→ What to do: Both the line with "obtains g where" and the line with "by (rule choice)" in the records below must appear in the output, along with every line between them, exactly and with nothing added.

→ Data provided:
· · · ·

lemma tendsto_lp_integral_powr_diff:
  fixes f :: "'a::euclidean_space \<Rightarrow> real"
  assumes p: "1 \<le> p" and f: "f \<in> Lp_plus p" and g: "\<And>j. g j \<in> Lp_plus p"
    and lim: "(\<lambda>j. lp_integral p (\<lambda>x. g j x - f x)) \<longlonglongrightarrow> 0"
  shows "(\<lambda>j. lp_integral 1 (\<lambda>x. f x powr p - g j x powr p)) \<longlonglongrightarrow> 0"
proof (rule tendsto_zero_ennreal)
  fix e :: real
  assume e: "0 < e"
  obtain A where A: "lp_integral p f = ennreal A" "0 \<le> A"
    using Lp_plusD(3)[OF f] by (cases "lp_integral p f" rule: ennreal_cases) auto
  define c where "c d = (1 + d) powr p - (1 - d) powr p" for d
  have "((\<lambda>d. c d * A) \<longlongrightarrow> c 0 * A) (at_right 0)"
    unfolding c_def by (intro tendsto_intros) auto
  then have "\<forall>\<^sub>F d in at_right 0. c d * A < e"
    using e by (intro order_tendstoD(2)) (auto simp: c_def)
  moreover have "\<forall>\<^sub>F d in at_right (0::real). 0 < d \<and> d \<le> 1"
    unfolding eventually_at_right_field by (intro exI[of _ 1]) auto
  ultimately have "\<forall>\<^sub>F d in at_right 0. 0 < d \<and> d \<le> 1 \<and> c d * A < e"
    by eventually_elim auto
  then obtain d where d: "0 < d" "d \<le> 1" and small: "c d * A < e"
    using eventually_happens'[of "at_right (0::real)"] by auto
  have "0 \<le> c d" using d p by (simp add: c_def powr_mono2)
  then have "ennreal (c d) * lp_integral p f + ennreal ((1 + 1 / d) powr p) * 0 < ennreal e"
    using A small by (simp add: ennreal_mult[symmetric] ennreal_less_iff)
  moreover have "(\<lambda>j. ennreal (c d) * lp_integral p f
        + ennreal ((1 + 1 / d) powr p) * lp_integral p (\<lambda>x. g j x - f x))
      \<longlonglongrightarrow> ennreal (c d) * lp_integral p f + ennreal ((1 + 1 / d) powr p) * 0"
    by (intro tendsto_add tendsto_const ennreal_tendsto_cmult lim) simp
  ultimately have "\<forall>\<^sub>F j in sequentially.
      ennreal (c d) * lp_integral p f
        + ennreal ((1 + 1 / d) powr p) * lp_integral p (\<lambda>x. g j x - f x) < ennreal e"
    by (simp add: order_tendstoD(2))
  then show "\<forall>\<^sub>F j in sequentially. lp_integral 1 (\<lambda>x. f x powr p - g j x powr p) < ennreal e"
  proof eventually_elim
    case (elim j)
    show ?case
      using lp_integral_powr_diff_le[OF p d, of f "g j"] Lp_plusD[OF f] Lp_plusD[OF g] elim
      unfolding c_def by (auto intro: le_less_trans)
  qed
qed

lemma rearrangement_error_transfer:
  fixes f :: "'a::euclidean_space \<Rightarrow> real"
  assumes p: "1 \<le> p" and T: "rearrangement T" and f: "f \<in> Lp_plus p" and g: "\<And>j. g j \<in> Lp_plus p"
    and lim: "(\<lambda>j. lp_integral p (\<lambda>x. g j x - f x)) \<longlonglongrightarrow> 0" and e: "0 < e"
  obtains \<delta> j where "0 < \<delta>"
    and "\<And>R. rearrangement R \<Longrightarrow> lp_integral p (\<lambda>x. R (g j) x - T (g j) x) < ennreal \<delta>
      \<Longrightarrow> lp_integral p (\<lambda>x. R f x - T f x) < ennreal e"
proof -
  define \<delta> where "\<delta> = e / (4 * 3 powr p)"
  have \<delta>: "0 < \<delta>" "3 powr p * (3 * \<delta>) < e" using e by (simp_all add: \<delta>_def)
  have "\<forall>\<^sub>F j in sequentially. lp_integral 1 (\<lambda>x. f x powr p - g j x powr p) < ennreal \<delta>"
    using \<delta> by (intro order_tendstoD(2)[OF tendsto_lp_integral_powr_diff[OF p f g lim]]) simp
  then obtain j where j: "lp_integral 1 (\<lambda>x. f x powr p - g j x powr p) < ennreal \<delta>"
    using eventually_happens'[of sequentially] by auto
  show thesis
  proof (rule that[OF \<delta>(1)])
    fix R
    assume R: "rearrangement R" and close: "lp_integral p (\<lambda>x. R (g j) x - T (g j) x) < ennreal \<delta>"
    have "lp_integral p (\<lambda>x. R f x - T f x) \<le> ennreal (3 powr p) *
        (lp_integral p (\<lambda>x. R (g j) x - T (g j) x)
          + 2 * lp_integral 1 (\<lambda>x. f x powr p - g j x powr p))"
      using p R T f g by (rule rearrangement_error_le)
    also have "\<dots> \<le> ennreal (3 powr p) * ennreal (3 * \<delta>)"
    proof (intro mult_left_mono)
      have "lp_integral p (\<lambda>x. R (g j) x - T (g j) x)
          + 2 * lp_integral 1 (\<lambda>x. f x powr p - g j x powr p) \<le> ennreal \<delta> + ennreal (2 * \<delta>)"
        using less_imp_le[OF close] less_imp_le[OF j] \<delta>
        by (intro add_mono) (auto simp: ennreal_mult mult_left_mono)
      also have "\<dots> = ennreal (3 * \<delta>)"
        using \<delta> by (subst ennreal_plus[symmetric]) auto
      finally show "lp_integral p (\<lambda>x. R (g j) x - T (g j) x)
          + 2 * lp_integral 1 (\<lambda>x. f x powr p - g j x powr p) \<le> ennreal (3 * \<delta>)" .
    qed simp
    also have "\<dots> < ennreal e"
      using \<delta> by (simp add: ennreal_mult[symmetric] ennreal_less_iff)
    finally show "lp_integral p (\<lambda>x. R f x - T f x) < ennreal e" .
  qed
qed

lemma Lp_closureE:
  assumes "0 < p" "f \<in> Lp_closure p X"
  obtains g where "f \<in> Lp_plus p" "\<And>k. g k \<in> X" "(\<lambda>k. lp_integral p (\<lambda>x. g k x - f x)) \<longlonglongrightarrow> 0"
  using assms unfolding Lp_closure_def by (auto simp: tendsto_lp_norm_zero_iff)

lemma subset_Lp_closure:
  assumes "0 < p" "X \<subseteq> Lp_plus p"
  shows "X \<subseteq> Lp_closure p X"
proof
  fix f
  assume "f \<in> X"
  moreover have "lp_norm p (\<lambda>x. f x - f x) = 0"
    using assms(1) by (simp add: lp_norm_def)
  ultimately show "f \<in> Lp_closure p X"
    using assms(2) unfolding Lp_closure_def by (auto intro!: exI[of _ "\<lambda>k. f"])
qed

lemma choice_tendsto_zero_ennreal:
  fixes \<phi> :: "'b \<Rightarrow> ennreal"
  assumes "\<And>e. 0 < e \<Longrightarrow> \<exists>x\<in>A. \<phi> x < ennreal e"
  obtains s where "\<And>k. s k \<in> A" "(\<lambda>k. \<phi> (s k)) \<longlonglongrightarrow> 0"
proof -
  have "\<forall>k. \<exists>x. x \<in> A \<and> \<phi> x < ennreal (inverse (real (Suc k)))"
  proof
    fix k :: nat
    have "0 < inverse (real (Suc k))" by simp
    then show "\<exists>x. x \<in> A \<and> \<phi> x < ennreal (inverse (real (Suc k)))"
      using assms by blast
  qed
  then have "\<exists>s. \<forall>k. s k \<in> A \<and> \<phi> (s k) < ennreal (inverse (real (Suc k)))"
    by (rule choice)
  then obtain s where s: "\<And>k. s k \<in> A" "\<And>k. \<phi> (s k) < ennreal (inverse (real (Suc k)))"
    by blast
  have "(\<lambda>k. ennreal (inverse (real (Suc k)))) \<longlonglongrightarrow> 0"
    using tendsto_ennrealI[OF LIMSEQ_inverse_real_of_nat] by simp
  then have "(\<lambda>k. \<phi> (s k)) \<longlonglongrightarrow> 0"
    by (rule tendsto_sandwich[rotated 2, OF tendsto_const])
      (auto intro!: always_eventually less_imp_le[OF s(2)] simp del: of_nat_Suc)
  with s(1) show thesis by (rule that)
qed
lemma Compute_unique:
  assumes "s < length ms" "s' < length ms" "ms ! s = Compute j x" "ms ! s' = Compute j' x"
  shows "s = s'"
proof -
  have "\<not> s < s'" if "s' < length ms" "ms ! s = Compute j x" "ms ! s' = Compute j' x" for s s' j j'
  proof
    assume "s < s'"
    hence "x \<in> C (Suc s)" using C_Suc[of s] that by simp
    also have "C (Suc s) \<subseteq> C s'" using \<open>s < s'\<close> that(1) by (intro evaluated_mono) auto
    finally show False using move_enabled[OF that(1)] that(3) by simp
  qed
  thus ?thesis using assms by (meson linorder_neqE_nat)
qed

lemma fast_memory_source:
  assumes "\<alpha> \<le> t" "t \<le> length ms" "x \<in> R t j"
  shows "x \<in> R \<alpha> j \<or>
    (\<exists>s. \<alpha> \<le> s \<and> s < t \<and> (ms ! s = Load j x \<or> ms ! s = Compute j x \<or> (\<exists>j'. ms ! s = Send j' j x)))"
  using assms
proof (induction t rule: dec_induct)
  case (step t)
  hence t: "t < length ms" by simp
  show ?case
  proof (cases "x \<in> R t j")
    case True
    thus ?thesis using step by (meson less_SucI Suc_leD)
  next
    case False
    hence "ms ! t = Load j x \<or> ms ! t = Compute j x \<or> (\<exists>j'. ms ! t = Send j' j x)"
      using step.prems R_Suc[OF t] by (cases "ms ! t") (auto split: if_splits)
    thus ?thesis using step.hyps(1) by blast
  qed
qed simp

· · · ·

→ Expected answer:
  obtains g where "f \<in> Lp_plus p" "\<And>k. g k \<in> X" "(\<lambda>k. lp_integral p (\<lambda>x. g k x - f x)) \<longlonglongrightarrow> 0"
  using assms unfolding Lp_closure_def by (auto simp: tendsto_lp_norm_zero_iff)

lemma subset_Lp_closure:
  assumes "0 < p" "X \<subseteq> Lp_plus p"
  shows "X \<subseteq> Lp_closure p X"
proof
  fix f
  assume "f \<in> X"
  moreover have "lp_norm p (\<lambda>x. f x - f x) = 0"
    using assms(1) by (simp add: lp_norm_def)
  ultimately show "f \<in> Lp_closure p X"
    using assms(2) unfolding Lp_closure_def by (auto intro!: exI[of _ "\<lambda>k. f"])
qed

lemma choice_tendsto_zero_ennreal:
  fixes \<phi> :: "'b \<Rightarrow> ennreal"
  assumes "\<And>e. 0 < e \<Longrightarrow> \<exists>x\<in>A. \<phi> x < ennreal e"
  obtains s where "\<And>k. s k \<in> A" "(\<lambda>k. \<phi> (s k)) \<longlonglongrightarrow> 0"
proof -
  have "\<forall>k. \<exists>x. x \<in> A \<and> \<phi> x < ennreal (inverse (real (Suc k)))"
  proof
    fix k :: nat
    have "0 < inverse (real (Suc k))" by simp
    then show "\<exists>x. x \<in> A \<and> \<phi> x < ennreal (inverse (real (Suc k)))"
      using assms by blast
  qed
  then have "\<exists>s. \<forall>k. s k \<in> A \<and> \<phi> (s k) < ennreal (inverse (real (Suc k)))"
    by (rule choice)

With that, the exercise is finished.